Used a mixture of ground white and dark meat chicken rather than beef or lamb. This is an excellent base recipe that can be riffed upon to no end. With the ground chicken, I included chopped parsley + mint, a diced cubanelle pepper, some diced, sautéed red onion, as well as grated garlic and a melange of spices (cumin, coriander, Maras pepper, & smoked paprika). Topped with some homemade tzatziki, red onions, and chopped tomatoes. The directive to spread the meat mixture to the edges of each pita is well taken—otherwise the exposed parts of the pitas run the risk of burning under the broiler.

I've made a similar recipe but instead of using the oven, I cooked the "meat side" on a hot griddle. This prevents the juices from soggying up the pita. Would recommend!
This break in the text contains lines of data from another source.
lemma curve_in_closure_tail:
  assumes "a \<le> 0"
  shows "curve a \<in> closure (curve ` {M..})"
  unfolding closure_approachable
proof (intro allI impI)
  fix e :: real
  assume "0 < e"
  obtain t where "max M (max 1 (1 / e + 1)) \<le> t" "curve_x t = a"
    using curve_x_attains_nonpos[OF assms] by blast
  then have "M \<le> t" "0 < t" "1 / e < t"
    by auto
  have "curve t = (a, curve_y t)"
    using \<open>curve_x t = a\<close> by (simp add: curve_def)
  with curve_nonpos[OF assms] have "dist (curve t) (curve a) = curve_y t"
    by (simp add: dist_Pair_Pair dist_real_def curve_y_nonneg)
  also have "\<dots> \<le> 1 / t"
    using \<open>0 < t\<close> by (rule curve_y_le_inverse)
  also have "\<dots> < e"
    using \<open>0 < e\<close> \<open>0 < t\<close> \<open>1 / e < t\<close> by (simp add: field_simps)
  finally show "\<exists>y\<in>curve ` {M..}. dist y (curve a) < e"
    using \<open>M \<le> t\<close> by auto
qed

lemma curve_vimage_ball_bounded:
  assumes "l \<notin> {..0} \<times> {0}"
  shows "\<exists>r>0. \<exists>B N. curve -` ball l r \<subseteq> {B..N}"
proof -
  obtain l1 l2 where l: "l = (l1, l2)"
    by fastforce
  have fst_le: "\<bar>curve_x t - l1\<bar> \<le> dist (curve t) l" and snd_le: "\<bar>curve_y t - l2\<bar> \<le> dist (curve t) l" for t
    using dist_fst_le[of "curve t" l] dist_snd_le[of "curve t" l] by (simp_all add: curve_def l dist_real_def)
  have left: "1 \<le> dist (curve t) l" if "t < - \<bar>l1\<bar> - 1" for t
    using that fst_le[of t] curve_nonpos[of t] by (simp add: curve_def)
  obtain r N where "0 < r" "r \<le> 1" and right: "\<And>t. N < t \<Longrightarrow> r \<le> dist (curve t) l"
  proof (cases "0 < l1")
    case True
    have "min 1 l1 \<le> dist (curve t) l" if "1 < t" for t
      using that curve_x_nonpos[of t] fst_le[of t] by simp
    then show ?thesis
      using True that[of "min 1 l1" 1] by simp
  next
    case False
    then have "l2 \<noteq> 0"
      using assms l by auto
    have "min 1 (\<bar>l2\<bar> / 2) \<le> dist (curve t) l" if "2 / \<bar>l2\<bar> < t" for t
    proof -
      have "0 < 2 / \<bar>l2\<bar>"
        using \<open>l2 \<noteq> 0\<close> by simp
      then have "0 < t"
        using that by linarith
      moreover have "1 / t < \<bar>l2\<bar> / 2"
        using that \<open>0 < t\<close> \<open>l2 \<noteq> 0\<close> by (simp add: field_simps)
      ultimately have "curve_y t < \<bar>l2\<bar> / 2"
        using curve_y_le_inverse[of t] by linarith
      then show ?thesis
        using snd_le[of t] curve_y_nonneg[of t] by linarith
    qed
    then show ?thesis
      using \<open>l2 \<noteq> 0\<close> that[of "min 1 (\<bar>l2\<bar> / 2)" "2 / \<bar>l2\<bar>"] by simp
  qed
  have "curve -` ball l r \<subseteq> {- \<bar>l1\<bar> - 1..N}"
  proof
    fix t
    assume "t \<in> curve -` ball l r"
    then have "dist (curve t) l < r"
      by (simp add: dist_commute)
    then show "t \<in> {- \<bar>l1\<bar> - 1..N}"
      using left[of t] right[of t] \<open>r \<le> 1\<close> by force
  qed
  then show ?thesis
    using \<open>0 < r\<close> by blast
qed

lemma closed_curve_image:
  assumes "closed C" "{..0} \<subseteq> C"
  shows "closed (curve ` C)"
proof -
  have "l \<in> curve ` C" if "l \<in> closure (curve ` C)" for l
  proof (cases "l \<in> {..0} \<times> {0}")
    case True
    then show ?thesis
      using assms(2) curve_image_nonpos by blast
  next
    case False
    then obtain r B N where "0 < r" and bounded: "curve -` ball l r \<subseteq> {B..N}"
      using curve_vimage_ball_bounded by blast
    let ?K = "curve ` (C \<inter> {B..N})"
    have "compact ?K"
      using assms(1) continuous_on_curve
      by (intro compact_continuous_image closed_Int_compact) (auto intro: continuous_on_subset)
    have "l \<in> ball l r \<inter> closure (curve ` C)"
      using that \<open>0 < r\<close> by simp
    also have "\<dots> \<subseteq> closure (ball l r \<inter> curve ` C)"
      by (simp add: open_Int_closure_subset)
    also have "\<dots> \<subseteq> closure ?K"
      using bounded by (intro closure_mono) fastforce
    also have "\<dots> = ?K"
      using \<open>compact ?K\<close> by (simp add: compact_imp_closed)
    finally show ?thesis
      by blast
  qed
  then show ?thesis
    using closure_subset_eq closure_subset by blast
qed

definition curve_topology :: "real \<Rightarrow> real topology" where
  "curve_topology z = pullback_topology UNIV (\<lambda>t. curve (t - z)) euclidean"

lemma continuous_on_shifted_curve: "continuous_on UNIV (\<lambda>t. curve (t - z))"
  by (intro continuous_on_compose2[OF continuous_on_curve]) (auto intro: continuous_intros)

lemma range_shifted_curve: "range (\<lambda>t. curve (t - z)) = range curve"
proof
  show "range curve \<subseteq> range (\<lambda>t. curve (t - z))"
  proof
    fix p
    assume "p \<in> range curve"
    then obtain u where "p = curve u"
      by blast
    then show "p \<in> range (\<lambda>t. curve (t - z))"
      by (intro image_eqI[of _ _ "u + z"]) auto
  qed
qed auto

lemma curve_topology_homeomorphic: "curve_topology z homeomorphic_space top_of_set (range curve)"
proof -
  have "inj (\<lambda>t. curve (t - z))"
  proof (rule injI)
    fix x y
    assume "curve (x - z) = curve (y - z)"
    then have "x - z = y - z"
      by (rule injD[OF inj_curve])
    then show "x = y"
      by simp
  qed
  then have "homeomorphic_map (curve_topology z) (top_of_set (range (\<lambda>t. curve (t - z)))) (\<lambda>t. curve (t - z))"
    unfolding curve_topology_def by (rule homeomorphic_map_pullback_topology)
  then show ?thesis
    unfolding range_shifted_curve by (rule homeomorphic_map_imp_homeomorphic_space)
qed

lemma coarser_Hausdorff_curve_topology: "coarser_Hausdorff (curve_topology z)"
  unfolding coarser_Hausdorff_def
proof (intro conjI allI impI)
  show "topspace (curve_topology z) = UNIV"
    by (simp add: curve_topology_def topspace_pullback_topology)
  show "Hausdorff_space (curve_topology z)"
    using homeomorphic_Hausdorff_space[OF curve_topology_homeomorphic]
      Hausdorff_space_subtopology[OF Hausdorff_space_euclidean] by blast
  fix S
  assume "openin (curve_topology z) S"
  then show "open S"
    using openin_pullback_topology_continuous[of euclidean euclidean "\<lambda>t. curve (t - z)" S]
      continuous_on_shifted_curve by (simp add: curve_topology_def)
qed

lemma completely_metrizable_curve_topology: "completely_metrizable_space (curve_topology z)"
proof -
  have "closed (range curve)"
    using closed_curve_image[of UNIV] by simp
  then have "completely_metrizable_space (top_of_set (range curve))"
    unfolding closed_closedin
    by (rule completely_metrizable_space_closedin[OF completely_metrizable_space_euclidean])
  then show ?thesis
    by (rule homeomorphic_completely_metrizable_space[OF curve_topology_homeomorphic, THEN iffD2])
qed

lemma C_set_curve_topology: "C_set (curve_topology z) = {..z}"
proof -
  let ?G = "\<lambda>t. curve (t - z)"
  have C_iff: "a \<in> C_set (curve_topology z) \<longleftrightarrow> (\<exists>e>0. ?G a \<in> closure (?G ` (- ball a e)))" for a
    unfolding C_set_def curve_topology_def nhdsin_euclidean mem_Collect_eq
    by (simp add: nhdsin_pullback_euclidean_eq_nhds_iff[OF continuous_on_shifted_curve])
  have on_axis: "?G a \<in> closure (?G ` (- ball a 1))" if "a \<le> z" for a
  proof -
    have "curve ` {a - z + 1..} \<subseteq> ?G ` (- ball a 1)"
    proof
      fix p
      assume "p \<in> curve ` {a - z + 1..}"
      then obtain t where "a - z + 1 \<le> t" "p = curve t"
        by auto
      then show "p \<in> ?G ` (- ball a 1)"
        by (intro image_eqI[of _ _ "t + z"]) (auto simp: dist_real_def)
    qed
    then have "closure (curve ` {a - z + 1..}) \<subseteq> closure (?G ` (- ball a 1))"
      by (rule closure_mono)
    then show ?thesis
      using curve_in_closure_tail[of "a - z" "a - z + 1"] that by auto
  qed
  have off_axis: "?G a \<notin> closure (?G ` (- ball a e))" if "z < a" "0 < e" for a e
  proof -
    define d where "d = min e (a - z)"
    have "0 < d" "d \<le> e"
      using that by (auto simp: d_def)
    have "?G ` (- ball a e) \<subseteq> curve ` (- ball (a - z) d)"
    proof
      fix p
      assume "p \<in> ?G ` (- ball a e)"
      then obtain t where "t \<notin> ball a e" "p = curve (t - z)"
        by auto
      then show "p \<in> curve ` (- ball (a - z) d)"
        using \<open>d \<le> e\<close> by (intro image_eqI[of _ _ "t - z"]) (auto simp: dist_real_def)
    qed
    moreover have "closed (curve ` (- ball (a - z) d))"
      by (rule closed_curve_image) (auto simp: d_def dist_real_def)
    ultimately have "closure (?G ` (- ball a e)) \<subseteq> curve ` (- ball (a - z) d)"
      by (simp add: closure_minimal)
    moreover have "curve (a - z) \<notin> curve ` (- ball (a - z) d)"
      using \<open>0 < d\<close> inj_curve by (auto simp: inj_eq)
    ultimately show ?thesis
      by blast
  qed
  show ?thesis
  proof (rule set_eqI)
    fix a
    show "a \<in> C_set (curve_topology z) \<longleftrightarrow> a \<in> {..z}"
      using C_iff[of a] on_axis[of a] off_axis[of a] by (cases "a \<le> z") auto
  qed
qed
text \<open>Polarization: with \<open>F\<^sub>i, G\<^sub>i, H\<^sub>i, K\<^sub>i\<close> the parts of \<open>f, g, f', g'\<close> of weight \<open>a + i, b + i, l + i, l' + i\<close>
  (\<open>l, l'\<close> the lowest weights of \<open>f', g'\<close>), the identity
  \<open>H\<^sub>0K\<^sub>0(F\<^sub>0G\<^sub>1 + F\<^sub>1G\<^sub>0) = F\<^sub>0K\<^sub>0(H\<^sub>0G\<^sub>1 + H\<^sub>1G\<^sub>0) + H\<^sub>0G\<^sub>0(F\<^sub>0K\<^sub>1 + F\<^sub>1K\<^sub>0) - F\<^sub>0G\<^sub>0(H\<^sub>0K\<^sub>1 + H\<^sub>1K\<^sub>0)\<close>
  and \<open>H\<^sub>0K\<^sub>0 \<noteq> 0\<close> show that the weight-\<open>(a + b + 1)\<close> part of \<open>f g\<close> vanishes once the corresponding parts
  of \<open>f g'\<close>, \<open>f' g\<close> and \<open>f' g'\<close> do.\<close>

lemma part_mult_Suc_eq_0_by_polarization:
  fixes f g f' g' :: "('v::finite \<Rightarrow>\<^sub>0 nat) \<Rightarrow>\<^sub>0 'a::idom"
  assumes w: "additive_weight w"
    and f: "\<And>m. m \<in> keys f \<Longrightarrow> a \<le> w m" and g: "\<And>m. m \<in> keys g \<Longrightarrow> b \<le> w m"
    and "f' \<noteq> 0" "g' \<noteq> 0"
    and fg': "part (\<lambda>m. w m = a + low_deg w g' + 1) (f * g') = 0"
    and f'g: "part (\<lambda>m. w m = low_deg w f' + b + 1) (f' * g) = 0"
    and f'g': "part (\<lambda>m. w m = low_deg w f' + low_deg w g' + 1) (f' * g') = 0"
  shows "part (\<lambda>m. w m = a + b + 1) (f * g) = 0"
proof -
  define l l' where "l = low_deg w f'" and "l' = low_deg w g'"
  define F0 F1 G0 G1 H0 H1 K0 K1 where "F0 = part (\<lambda>m. w m = a) f" and "F1 = part (\<lambda>m. w m = a + 1) f"
    and "G0 = part (\<lambda>m. w m = b) g" and "G1 = part (\<lambda>m. w m = b + 1) g"
    and "H0 = part (\<lambda>m. w m = l) f'" and "H1 = part (\<lambda>m. w m = l + 1) f'"
    and "K0 = part (\<lambda>m. w m = l') g'" and "K1 = part (\<lambda>m. w m = l' + 1) g'"
  have f': "\<And>m. m \<in> keys f' \<Longrightarrow> l \<le> w m" and g': "\<And>m. m \<in> keys g' \<Longrightarrow> l' \<le> w m"
    unfolding l_def l'_def by (simp_all add: low_deg_le)
  have "part (\<lambda>m. w m = a + l' + 1) (f * g') = F0 * K1 + F1 * K0"
    "part (\<lambda>m. w m = l + b + 1) (f' * g) = H0 * G1 + H1 * G0"
    "part (\<lambda>m. w m = l + l' + 1) (f' * g') = H0 * K1 + H1 * K0"
    and fg: "part (\<lambda>m. w m = a + b + 1) (f * g) = F0 * G1 + F1 * G0"
    unfolding F0_def F1_def G0_def G1_def H0_def H1_def K0_def K1_def
    by (rule part_mult_lowest_Suc[OF w]; fact)+
  then have "F0 * K1 + F1 * K0 = 0" "H0 * G1 + H1 * G0 = 0" "H0 * K1 + H1 * K0 = 0"
    using fg' f'g f'g' by (simp_all add: l_def l'_def)
  moreover have "H0 * K0 * (F0 * G1 + F1 * G0) =
      F0 * K0 * (H0 * G1 + H1 * G0) + H0 * G0 * (F0 * K1 + F1 * K0) - F0 * G0 * (H0 * K1 + H1 * K0)"
    by (simp add: algebra_simps)
  moreover have "H0 * K0 \<noteq> 0"
    unfolding H0_def K0_def l_def l'_def by (intro mpoly_mult_neq_0 part_low_deg_neq_0 assms)
  ultimately have "F0 * G1 + F1 * G0 = 0" by (metis mpoly_mult_neq_0 add_0 diff_zero mult_zero_right)
  then show ?thesis using fg by simp
qed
Re: the soggy comments. I heated up the sheet pan in the over and gave it a light spray of EVOO before I put the pita's on it. Pitas were crisp and toasty, dish was delish!

I didn't have pitas, so I just charred a mix of beef and lamb and served it over rice. I also added generous amounts of sumac and za'atar. It is FABULOUS!

@Nancy I charred mine (beef & lamb mix) separately on parchment with a little olive oil, and served it over rice. Fabulous. (I also threw sumac and za'atar into the mix.)

So good! I had no issues with sogginess using directions as written. One note: toum should not be optional. Mandatory.